#### Task prompt
Lines after the one containing "unfolding word_of_def fun_of_word_def by" are to be omitted; print exactly each line from the start of the records up to and including it.

▶

lemma word_of_fun_of_word: "length xs = n \<Longrightarrow> word_of n (fun_of_word n xs) = xs"
  unfolding word_of_def fun_of_word_def by (rule nth_equalityI) (auto simp: nth_upt simp del: upt_Suc)

lemma fun_of_word_word_of: "p \<in> extensional {1..n} \<Longrightarrow> fun_of_word n (word_of n p) = p"
  unfolding word_of_def fun_of_word_def
  by (auto simp: fun_eq_iff extensional_def nth_upt simp del: upt_Suc)

lemma card_le_eq_size_filter_word_of:
  "card {t\<in>{1..n}. p t \<le> i} = size (filter_mset (\<lambda>v. v \<le> i) (mset (word_of n p)))"
proof -
  have "size (filter_mset (\<lambda>v. v \<le> i) (mset (word_of n p))) = length (filter (\<lambda>v. v \<le> i) (word_of n p))"
    by (metis mset_filter size_mset)
  also have "\<dots> = length (filter (\<lambda>t. p t \<le> i) [1..<Suc n])"
    unfolding word_of_def by (simp add: filter_map comp_def del: upt_Suc)
  also have "\<dots> = card {t\<in>{1..n}. p t \<le> i}"
    by (subst distinct_length_filter) (auto simp del: upt_Suc intro: arg_cong[where f = card])
  finally show ?thesis by simp
qed

lemma PF_iff_parking_mset:
  "p \<in> PF n \<longleftrightarrow> p \<in> extensional {1..n} \<and> set (word_of n p) \<subseteq> {1..n} \<and> parking_mset n (mset (word_of n p))"
  unfolding PF_def parking_mset_def card_le_eq_size_filter_word_of
  by (auto simp: PiE_iff word_of_def image_subset_iff simp del: upt_Suc)

lemma card_PF_descents_eq:
  fixes k k' :: "nat \<Rightarrow> 'b::linorder"
  assumes "inj_on k {1..n}" "inj_on k' {1..n}" "1 \<le> n"
  shows "card {p\<in>PF n. descents k (word_of n p) = D} = card {p\<in>PF n. descents k' (word_of n p) = D}"
proof -
  have "card {p\<in>PF n. descents k (word_of n p) = D} =
      card {xs. length xs = n \<and> set xs \<subseteq> {1..n} \<and> parking_mset n (mset xs) \<and> descents k xs = D}"
    for k :: "nat \<Rightarrow> 'b"
  proof (rule bij_betw_same_card, rule bij_betw_byWitness[where f' = "fun_of_word n"])
    show "\<forall>p\<in>{p\<in>PF n. descents k (word_of n p) = D}. fun_of_word n (word_of n p) = p"
      using PF_iff_parking_mset fun_of_word_word_of by blast
    show "\<forall>xs\<in>{xs. length xs = n \<and> set xs \<subseteq> {1..n} \<and> parking_mset n (mset xs) \<and> descents k xs = D}.
        word_of n (fun_of_word n xs) = xs"
      using word_of_fun_of_word by blast
    show "word_of n ` {p\<in>PF n. descents k (word_of n p) = D}
        \<subseteq> {xs. length xs = n \<and> set xs \<subseteq> {1..n} \<and> parking_mset n (mset xs) \<and> descents k xs = D}"
      using PF_iff_parking_mset by auto
    have "fun_of_word n xs \<in> extensional {1..n}" for xs unfolding fun_of_word_def by simp
    then show "fun_of_word n ` {xs. length xs = n \<and> set xs \<subseteq> {1..n} \<and> parking_mset n (mset xs) \<and>
        descents k xs = D} \<subseteq> {p\<in>PF n. descents k (word_of n p) = D}"
      using PF_iff_parking_mset word_of_fun_of_word by auto
  qed
  moreover obtain N where "n = Suc N" using assms(3) by (cases n) auto
  ultimately show ?thesis using card_descents_eq[OF assms(1,2), of N] by simp
qed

◀

#### Exercise output
lemma word_of_fun_of_word: "length xs = n \<Longrightarrow> word_of n (fun_of_word n xs) = xs"
  unfolding word_of_def fun_of_word_def by (rule nth_equalityI) (auto simp: nth_upt simp del: upt_Suc)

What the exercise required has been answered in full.